Editor scripts
The Server-side Editor API can be accessed through the POST /collaborations/{document_id}/evaluate-script endpoint from the REST API. This endpoint allows you to execute JavaScript code that uses the CKEditor–5 API directly on the Cloud Services server.
# Prerequisites
- An editor bundle needs to be uploaded.
- The source document needs to be created after uploading the editor bundle.
# Request Structure
The request body should contain a script parameter with the JavaScript code to be executed:
{
"script": "// Your JavaScript code here that uses the CKEditor 5 API"
}
The script parameter should contain valid JavaScript code that can access the CKEditor–5 API. The script has access to:
- Editor instance: The CKEditor–5 editor instance is available in the script context
- Document model: Access to the document’s data model for content manipulation
- Editor plugins: All loaded plugins and their APIs
- Collaboration features: Access to comments, suggestions, and revision history
You can also include a user object in the request body to control the user’s visibility and name during script execution.

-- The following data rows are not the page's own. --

lemma capped_chain_dist_lipschitz_at_scale:
  assumes "0 \<le> T" "w \<in> K" "w' \<in> K" "norm (w - w') < e"
  shows "\<bar>capped_chain_dist K e T x w - capped_chain_dist K e T x w'\<bar> \<le> norm (w - w')"
proof -
  have step: "capped_chain_dist K e T x v' \<le> capped_chain_dist K e T x v + norm (v - v')"
    if "v' \<in> K" "norm (v' - v) < e" for v v'
  proof -
    have "capped_chain_dist K e T x v' - norm (v - v') \<le> u"
      if "u \<in> insert T {chain_length z k | z k. fine_chain K e z k x v}" for u
      using that
    proof
      assume "u = T"
      then show ?thesis
        using capped_chain_dist_le_cap[OF assms(1), of K e x v'] norm_ge_zero[of "v - v'"] by linarith
    next
      assume "u \<in> {chain_length z k | z k. fine_chain K e z k x v}"
      then obtain z k where "fine_chain K e z k x v" "u = chain_length z k" by blast
      then show ?thesis
        using fine_chain_snoc[of K e z k x v v'] capped_chain_dist_le_chain_length[OF assms(1)] \<open>v' \<in> K\<close>
          \<open>norm (v' - v) < e\<close> by (fastforce simp: norm_minus_commute)
    qed
    then have "capped_chain_dist K e T x v' - norm (v - v') \<le> capped_chain_dist K e T x v"
      unfolding capped_chain_dist_def[of K e T x v] by (intro cInf_greatest) auto
    then show ?thesis by simp
  qed
  show ?thesis
    using step[of w' w] step[of w w'] assms by (simp add: norm_minus_commute abs_le_iff)
qed

lemma C1_norm_le:
  assumes "compact K" "K \<noteq> {}" and df: "is_C1_deriv K f df"
    and "\<And>z. z \<in> K \<Longrightarrow> \<bar>f z\<bar> \<le> a" and "\<And>z. z \<in> K \<Longrightarrow> norm (df z) \<le> b"
  shows "C1_norm K f \<le> a + b"
proof -
  have bdd: "bdd_above ((\<lambda>z. norm (df' z)) ` K)" if "is_C1_deriv K f df'" for df'
  proof -
    have "continuous_on K df'" using that by (simp add: is_C1_deriv_def)
    then have "compact ((\<lambda>z. norm (df' z)) ` K)"
      by (intro compact_continuous_image continuous_on_norm \<open>compact K\<close>)
    then show ?thesis by (intro bounded_imp_bdd_above compact_imp_bounded)
  qed
  obtain x where "x \<in> K" using \<open>K \<noteq> {}\<close> by blast
  have "(INF df'\<in>{df'. is_C1_deriv K f df'}. SUP z\<in>K. norm (df' z)) \<le> (SUP z\<in>K. norm (df z))"
  proof (rule cINF_lower)
    show "bdd_below ((\<lambda>df'. SUP z\<in>K. norm (df' z)) ` {df'. is_C1_deriv K f df'})"
    proof (rule bdd_belowI[of _ 0])
      fix u assume "u \<in> (\<lambda>df'. SUP z\<in>K. norm (df' z)) ` {df'. is_C1_deriv K f df'}"
      then obtain df' where "is_C1_deriv K f df'" "u = (SUP z\<in>K. norm (df' z))" by blast
      then show "0 \<le> u"
        using cSUP_upper[OF \<open>x \<in> K\<close> bdd] norm_ge_zero order_trans by metis
    qed
  qed (use df in simp)
  also have "\<dots> \<le> b" using assms(2,5) by (rule cSUP_least)
  moreover have "(SUP z\<in>K. \<bar>f z\<bar>) \<le> a" using assms(2,4) by (rule cSUP_least)
  ultimately show ?thesis unfolding C1_norm_def by linarith
qed

lemma short_fine_chain:
  fixes K :: "'a::euclidean_space set"
  assumes K: "compact K" and xy: "x \<in> K" "y \<in> K" "y \<noteq> x" and "0 < e"
    and bound: "\<And>f. f \<in> C1 K \<Longrightarrow> \<bar>f y - f x\<bar> / norm (y - x) \<le> C * C1_norm K f"
    and "0 \<le> C" and A: "2 * C * (2 + 2 * pi * real DIM('a) ^ 2) < A" and close: "A * norm (y - x) \<le> 1"
  shows "\<exists>z k. fine_chain K e z k x y \<and> chain_length z k \<le> A * norm (y - x)"
proof (rule ccontr)
  define \<rho> where "\<rho> = norm (y - x)"
  define T where "T = A * \<rho>"
  define B where "B = 2 * pi * real DIM('a) ^ 2"
  have \<rho>: "0 < \<rho>" using xy by (simp add: \<rho>_def)
  have "0 \<le> 2 * C * (2 + B)" using \<open>0 \<le> C\<close> by (simp add: B_def)
  then have "0 < A" using A by (simp add: B_def)
  then have T: "0 < T" "T \<le> 1" using \<rho> close by (simp_all add: T_def \<rho>_def)
  assume "\<not> (\<exists>z k. fine_chain K e z k x y \<and> chain_length z k \<le> A * norm (y - x))"
  then have dist_y: "capped_chain_dist K e T x y = T"
    using T by (intro capped_chain_dist_eq_cap) (auto simp: T_def \<rho>_def)
  define \<delta> where "\<delta> = min (e / 2) (T / 4)"
  have \<delta>: "0 < \<delta>" "\<delta> < e" "\<delta> \<le> T / 4" using \<open>0 < e\<close> T by (auto simp: \<delta>_def)
  obtain f df where "is_C1_deriv K f df"
    and f: "\<And>z. z \<in> K \<Longrightarrow> \<bar>f z - capped_chain_dist K e T x z\<bar> \<le> \<delta>"
    and df: "\<And>z. z \<in> K \<Longrightarrow> norm (df z) \<le> B"
    unfolding B_def
  proof (rule smooth_approximation[OF K _ \<delta>(1,2)])
    show "K \<noteq> {}" using xy by blast
    show "\<bar>capped_chain_dist K e T x w - capped_chain_dist K e T x w'\<bar> \<le> norm (w - w')"
      if "w \<in> K" "w' \<in> K" "norm (w - w') < e" for w w'
      using capped_chain_dist_lipschitz_at_scale[of T w K w' e x] that T by simp
  qed blast
  then have "f \<in> C1 K" by (auto simp: C1_def)
  have "C1_norm K f \<le> (T + \<delta>) + B"
  proof (rule C1_norm_le[OF K _ \<open>is_C1_deriv K f df\<close> _ df])
    show "\<bar>f z\<bar> \<le> T + \<delta>" if "z \<in> K" for z
      using f[OF that] capped_chain_dist_nonneg[of T K e x z] capped_chain_dist_le_cap[of T K e x z] T
      by linarith
  qed (use xy in auto)
  then have "C1_norm K f \<le> 2 + B" using T \<delta> by linarith
  have "T / 2 \<le> \<bar>f y - f x\<bar>"
    using f[OF xy(2)] f[OF xy(1)] dist_y capped_chain_dist_self[of T x K e] xy T \<delta> by linarith
  also have "\<dots> \<le> C * C1_norm K f * \<rho>"
    using bound[OF \<open>f \<in> C1 K\<close>] \<rho> by (simp add: \<rho>_def field_simps)
  also have "\<dots> \<le> C * (2 + B) * \<rho>"
    using \<open>C1_norm K f \<le> 2 + B\<close> \<open>0 \<le> C\<close> \<rho> by (intro mult_right_mono mult_left_mono) auto
  finally have "(A / 2) * \<rho> \<le> (C * (2 + B)) * \<rho>" by (simp add: T_def)
  then have "A / 2 \<le> C * (2 + B)" using \<rho> by (rule mult_right_le_imp_le)
  then show False using A by (simp add: B_def)
qed

lemma short_rectifiable_path:
  fixes K :: "'a::euclidean_space set"
  assumes K: "compact K" and xy: "x \<in> K" "y \<in> K" and "0 \<le> C"
    and bound: "\<And>f. f \<in> C1 K \<Longrightarrow> y \<noteq> x \<Longrightarrow> \<bar>f y - f x\<bar> / norm (y - x) \<le> C * C1_norm K f"
    and A: "2 * C * (2 + 2 * pi * real DIM('a) ^ 2) < A" and close: "A * norm (y - x) \<le> 1"
  shows "\<exists>g a b. rectifiable_path_in K g a b \<and> g a = x \<and> g b = y \<and> path_length g a b \<le> A * norm (x - y)"
proof (cases "y = x")
  case True
  then show ?thesis
    using lipschitz_rectifiable_path[OF lipschitz_on_constant[of UNIV x], of 0 1 K] xy by auto
next
  case False
  have "\<exists>z k. fine_chain K e z k x y \<and> chain_length z k \<le> A * norm (x - y)" if "e > 0" for e
    using short_fine_chain[OF K xy False that bound[OF _ False] \<open>0 \<le> C\<close> A close]
    by (simp add: norm_minus_commute)
  then show ?thesis by (rule fine_chains_imp_rectifiable_path[OF K])
qed

theorem mainTheorem8:
  fixes K :: "'a::euclidean_space set"
  assumes "compact K" and "connected K"
    and "\<forall>x\<in>K. \<exists>C>0. \<forall>f\<in>C1 K. \<forall>y\<in>K - {x}.
           \<bar>f y - f x\<bar> / norm (y - x) \<le> C * C1_norm K f"
  shows "pointwise_whitney_regular K"
  unfolding pointwise_whitney_regular_def
proof
  fix x assume x: "x \<in> K"
  obtain C where "C > 0" and bound: "\<And>f y. f \<in> C1 K \<Longrightarrow> y \<in> K - {x} \<Longrightarrow>
      \<bar>f y - f x\<bar> / norm (y - x) \<le> C * C1_norm K f"
    using assms(3) x by blast
  define A where "A = 2 * C * (2 + 2 * pi * real DIM('a) ^ 2) + 1"
  have "A > 0" using \<open>C > 0\<close> by (simp add: A_def add_pos_nonneg)
  have "\<exists>g a b. rectifiable_path_in K g a b \<and> g a = x \<and> g b = y \<and> path_length g a b \<le> A * norm (x - y)"
    if "y \<in> ball x (1 / A) \<inter> K" for y
  proof (rule short_rectifiable_path[OF assms(1) x _ less_imp_le[OF \<open>C > 0\<close>]])
    show "y \<in> K" "A * norm (y - x) \<le> 1"
      using that \<open>A > 0\<close> by (auto simp: dist_norm norm_minus_commute field_simps)
  qed (use bound that in \<open>auto simp: A_def\<close>)
  then show "\<exists>V C. open V \<and> x \<in> V \<and> C > 0 \<and> (\<forall>y\<in>V \<inter> K. \<exists>g a b. rectifiable_path_in K g a b \<and>
      g a = x \<and> g b = y \<and> path_length g a b \<le> C * norm (x - y))"
    using \<open>A > 0\<close> by (intro exI[of _ "ball x (1 / A)"] exI[of _ A]) auto
qed

end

By default, the system uses hardcoded user data with the ServerSideEditorAPI identifier for the script execution. You can implement special handling for this user in your application, for example, to process webhook events or track script execution activities.
The example below shows a basic script for getting editor data, along with user context configuration that allows you to execute scripts with specific user context and to control how the user appears in the collaboration session:
{
"script": "editor.getData()",
"user": {
"id": "user-123",
"name": "John Doe",
"hidden_in_presence_list": true
}
}
# Syntax
Scripts can be written in both async and non-async ways. You can use await for asynchronous operations:
// Non-async script
editor.getData();
// Async script
await Promise.resolve( editor.getData() );
You can return data from your script using the return statement. The returned value will be available as literal data or as a JSON (in case of an object) in the API response:
// Return processed data
const content = editor.getData();
return {
content: content,
wordCount: content.split(' ').length
};
The CKEditor 5 editor instance is available globally as the editor object. You can access all editor methods and properties:
// Get editor content
const content = editor.getData();
// Set editor content
editor.setData('<p>New content</p>');
// Access editor model
const model = editor.model;
// Use editor commands
editor.execute('bold');
Scripts have access to most browser and JavaScript APIs, with some restrictions for security reasons.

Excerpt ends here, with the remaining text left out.